Items from a dataset:
....
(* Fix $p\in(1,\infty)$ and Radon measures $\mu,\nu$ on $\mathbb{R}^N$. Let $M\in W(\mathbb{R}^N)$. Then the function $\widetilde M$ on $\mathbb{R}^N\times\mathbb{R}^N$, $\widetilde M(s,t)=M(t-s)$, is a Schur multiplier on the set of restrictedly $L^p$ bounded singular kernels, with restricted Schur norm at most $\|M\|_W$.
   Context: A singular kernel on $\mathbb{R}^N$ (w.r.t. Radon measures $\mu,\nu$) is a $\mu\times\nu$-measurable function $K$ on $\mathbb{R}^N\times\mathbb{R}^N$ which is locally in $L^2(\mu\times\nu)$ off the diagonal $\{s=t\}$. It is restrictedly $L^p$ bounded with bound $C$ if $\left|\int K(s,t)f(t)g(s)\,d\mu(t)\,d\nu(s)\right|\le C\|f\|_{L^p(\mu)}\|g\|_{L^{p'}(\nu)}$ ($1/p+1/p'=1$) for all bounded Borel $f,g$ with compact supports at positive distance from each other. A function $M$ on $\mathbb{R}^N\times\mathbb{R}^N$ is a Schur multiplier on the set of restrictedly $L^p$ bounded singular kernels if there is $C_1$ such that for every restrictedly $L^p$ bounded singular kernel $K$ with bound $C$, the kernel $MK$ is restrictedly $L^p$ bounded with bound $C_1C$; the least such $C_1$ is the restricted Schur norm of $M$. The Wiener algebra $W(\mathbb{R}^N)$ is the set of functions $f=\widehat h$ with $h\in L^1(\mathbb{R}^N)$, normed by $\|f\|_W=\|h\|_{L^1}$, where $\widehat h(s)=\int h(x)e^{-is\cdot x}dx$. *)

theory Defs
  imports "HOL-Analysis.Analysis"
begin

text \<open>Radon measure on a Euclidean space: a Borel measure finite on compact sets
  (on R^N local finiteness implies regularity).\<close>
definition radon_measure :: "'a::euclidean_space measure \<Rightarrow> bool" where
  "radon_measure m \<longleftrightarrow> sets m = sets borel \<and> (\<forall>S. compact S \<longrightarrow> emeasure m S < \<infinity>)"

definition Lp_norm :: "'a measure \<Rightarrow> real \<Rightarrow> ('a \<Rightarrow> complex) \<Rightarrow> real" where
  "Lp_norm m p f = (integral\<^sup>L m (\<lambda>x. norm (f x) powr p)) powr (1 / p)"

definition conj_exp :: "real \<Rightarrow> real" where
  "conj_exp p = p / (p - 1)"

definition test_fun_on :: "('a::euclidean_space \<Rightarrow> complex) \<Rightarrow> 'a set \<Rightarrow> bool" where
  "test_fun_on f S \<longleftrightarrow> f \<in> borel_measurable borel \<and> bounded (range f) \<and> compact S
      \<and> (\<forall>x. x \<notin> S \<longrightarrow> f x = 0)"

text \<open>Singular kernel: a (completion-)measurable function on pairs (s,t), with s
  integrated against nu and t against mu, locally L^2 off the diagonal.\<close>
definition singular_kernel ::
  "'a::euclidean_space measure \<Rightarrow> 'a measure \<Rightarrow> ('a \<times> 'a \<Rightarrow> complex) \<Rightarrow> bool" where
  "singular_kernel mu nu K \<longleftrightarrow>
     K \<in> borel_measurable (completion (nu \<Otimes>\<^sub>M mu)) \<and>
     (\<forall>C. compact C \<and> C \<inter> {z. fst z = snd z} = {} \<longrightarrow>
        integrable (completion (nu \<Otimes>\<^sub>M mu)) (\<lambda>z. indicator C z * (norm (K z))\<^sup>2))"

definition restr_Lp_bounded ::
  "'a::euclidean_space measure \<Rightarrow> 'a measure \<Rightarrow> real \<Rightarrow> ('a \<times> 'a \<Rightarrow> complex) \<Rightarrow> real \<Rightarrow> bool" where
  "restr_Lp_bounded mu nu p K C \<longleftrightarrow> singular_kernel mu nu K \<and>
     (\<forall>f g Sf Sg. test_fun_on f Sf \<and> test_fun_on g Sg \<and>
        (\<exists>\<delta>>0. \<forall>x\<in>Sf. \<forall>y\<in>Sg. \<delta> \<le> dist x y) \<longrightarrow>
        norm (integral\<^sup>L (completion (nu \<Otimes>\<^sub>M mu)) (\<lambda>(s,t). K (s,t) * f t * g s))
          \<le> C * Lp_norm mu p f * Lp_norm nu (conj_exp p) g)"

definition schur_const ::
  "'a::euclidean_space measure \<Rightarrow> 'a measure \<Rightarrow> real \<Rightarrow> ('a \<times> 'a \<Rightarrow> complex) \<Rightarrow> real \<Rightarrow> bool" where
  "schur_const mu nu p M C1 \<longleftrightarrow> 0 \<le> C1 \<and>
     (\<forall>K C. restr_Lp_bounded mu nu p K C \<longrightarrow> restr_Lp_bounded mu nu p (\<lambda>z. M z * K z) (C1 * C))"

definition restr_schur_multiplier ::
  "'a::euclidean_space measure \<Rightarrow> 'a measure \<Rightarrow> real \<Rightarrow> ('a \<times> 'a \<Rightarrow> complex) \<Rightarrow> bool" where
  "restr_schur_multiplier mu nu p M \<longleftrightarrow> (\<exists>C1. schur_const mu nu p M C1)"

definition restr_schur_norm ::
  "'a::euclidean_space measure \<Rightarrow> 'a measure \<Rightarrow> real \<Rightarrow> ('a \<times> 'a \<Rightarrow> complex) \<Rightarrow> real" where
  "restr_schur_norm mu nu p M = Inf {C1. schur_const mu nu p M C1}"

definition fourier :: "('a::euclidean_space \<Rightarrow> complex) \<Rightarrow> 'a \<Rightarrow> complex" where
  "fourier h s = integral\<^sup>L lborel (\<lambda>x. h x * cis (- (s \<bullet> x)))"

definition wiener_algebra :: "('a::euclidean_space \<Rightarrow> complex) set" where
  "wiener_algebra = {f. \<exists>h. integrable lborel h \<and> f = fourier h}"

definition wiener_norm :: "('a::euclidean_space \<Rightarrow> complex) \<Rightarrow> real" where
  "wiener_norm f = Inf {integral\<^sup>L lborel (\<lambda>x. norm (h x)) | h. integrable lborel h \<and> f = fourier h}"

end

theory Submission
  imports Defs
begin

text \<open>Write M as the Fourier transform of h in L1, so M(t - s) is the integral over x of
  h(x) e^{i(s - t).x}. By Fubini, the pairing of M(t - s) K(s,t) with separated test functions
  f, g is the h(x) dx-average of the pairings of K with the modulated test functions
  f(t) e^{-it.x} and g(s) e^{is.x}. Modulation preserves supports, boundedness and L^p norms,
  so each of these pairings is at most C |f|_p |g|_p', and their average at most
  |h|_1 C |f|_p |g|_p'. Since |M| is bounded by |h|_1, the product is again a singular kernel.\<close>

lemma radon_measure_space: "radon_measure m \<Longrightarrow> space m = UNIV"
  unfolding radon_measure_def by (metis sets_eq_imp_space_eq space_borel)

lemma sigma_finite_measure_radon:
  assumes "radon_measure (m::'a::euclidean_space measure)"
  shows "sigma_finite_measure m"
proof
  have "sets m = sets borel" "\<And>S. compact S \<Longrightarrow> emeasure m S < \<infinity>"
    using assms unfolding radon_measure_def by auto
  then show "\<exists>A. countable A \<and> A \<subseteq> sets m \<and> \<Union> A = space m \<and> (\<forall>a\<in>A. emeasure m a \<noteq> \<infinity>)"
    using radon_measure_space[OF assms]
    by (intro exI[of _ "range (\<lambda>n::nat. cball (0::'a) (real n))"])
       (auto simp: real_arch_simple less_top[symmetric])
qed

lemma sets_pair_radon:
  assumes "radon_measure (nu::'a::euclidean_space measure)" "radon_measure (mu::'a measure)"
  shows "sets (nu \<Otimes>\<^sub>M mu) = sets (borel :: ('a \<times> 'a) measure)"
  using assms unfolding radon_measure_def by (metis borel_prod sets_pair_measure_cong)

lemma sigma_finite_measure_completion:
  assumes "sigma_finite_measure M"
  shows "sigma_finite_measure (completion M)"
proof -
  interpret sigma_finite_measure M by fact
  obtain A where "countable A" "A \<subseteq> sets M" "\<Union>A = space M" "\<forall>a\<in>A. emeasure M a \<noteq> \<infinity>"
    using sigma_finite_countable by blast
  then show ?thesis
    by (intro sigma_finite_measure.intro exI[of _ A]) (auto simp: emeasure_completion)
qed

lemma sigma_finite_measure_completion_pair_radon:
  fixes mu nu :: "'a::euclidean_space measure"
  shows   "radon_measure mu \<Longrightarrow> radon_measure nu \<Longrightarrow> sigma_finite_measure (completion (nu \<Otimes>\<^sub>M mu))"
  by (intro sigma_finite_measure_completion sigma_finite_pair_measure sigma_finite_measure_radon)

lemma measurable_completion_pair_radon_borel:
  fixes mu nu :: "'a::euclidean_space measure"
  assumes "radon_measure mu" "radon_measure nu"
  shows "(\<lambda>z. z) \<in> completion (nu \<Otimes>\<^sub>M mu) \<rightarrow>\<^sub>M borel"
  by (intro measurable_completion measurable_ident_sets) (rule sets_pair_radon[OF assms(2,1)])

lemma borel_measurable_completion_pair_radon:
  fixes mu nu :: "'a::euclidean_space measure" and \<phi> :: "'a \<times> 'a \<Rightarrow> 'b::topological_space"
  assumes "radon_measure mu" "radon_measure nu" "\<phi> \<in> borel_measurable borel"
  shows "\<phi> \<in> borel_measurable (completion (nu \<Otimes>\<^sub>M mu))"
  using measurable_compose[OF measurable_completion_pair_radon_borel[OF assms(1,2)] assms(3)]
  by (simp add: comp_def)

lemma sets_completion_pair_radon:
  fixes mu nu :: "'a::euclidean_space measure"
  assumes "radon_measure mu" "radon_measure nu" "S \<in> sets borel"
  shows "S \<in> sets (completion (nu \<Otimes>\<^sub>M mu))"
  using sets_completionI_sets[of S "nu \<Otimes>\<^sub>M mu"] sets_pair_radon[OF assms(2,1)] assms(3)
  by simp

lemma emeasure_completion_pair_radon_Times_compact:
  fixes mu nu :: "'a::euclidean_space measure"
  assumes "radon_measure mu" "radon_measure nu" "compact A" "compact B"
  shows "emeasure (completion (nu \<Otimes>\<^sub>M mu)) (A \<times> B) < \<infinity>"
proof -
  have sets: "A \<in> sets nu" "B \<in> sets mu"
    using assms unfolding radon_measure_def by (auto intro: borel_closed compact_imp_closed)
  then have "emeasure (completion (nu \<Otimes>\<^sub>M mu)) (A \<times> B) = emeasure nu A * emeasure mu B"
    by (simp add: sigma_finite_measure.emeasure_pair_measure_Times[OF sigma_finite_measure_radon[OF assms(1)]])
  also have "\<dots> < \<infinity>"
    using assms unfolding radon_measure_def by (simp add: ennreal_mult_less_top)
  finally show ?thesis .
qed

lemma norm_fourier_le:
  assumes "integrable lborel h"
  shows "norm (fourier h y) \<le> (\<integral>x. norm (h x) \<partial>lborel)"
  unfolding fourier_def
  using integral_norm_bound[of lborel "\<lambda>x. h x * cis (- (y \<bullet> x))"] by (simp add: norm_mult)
....
*Exercise instructions*
Where the word "pairings" occurs in a line of the entries above, count that line, and reply with the total only.

*Response to the exercise*
2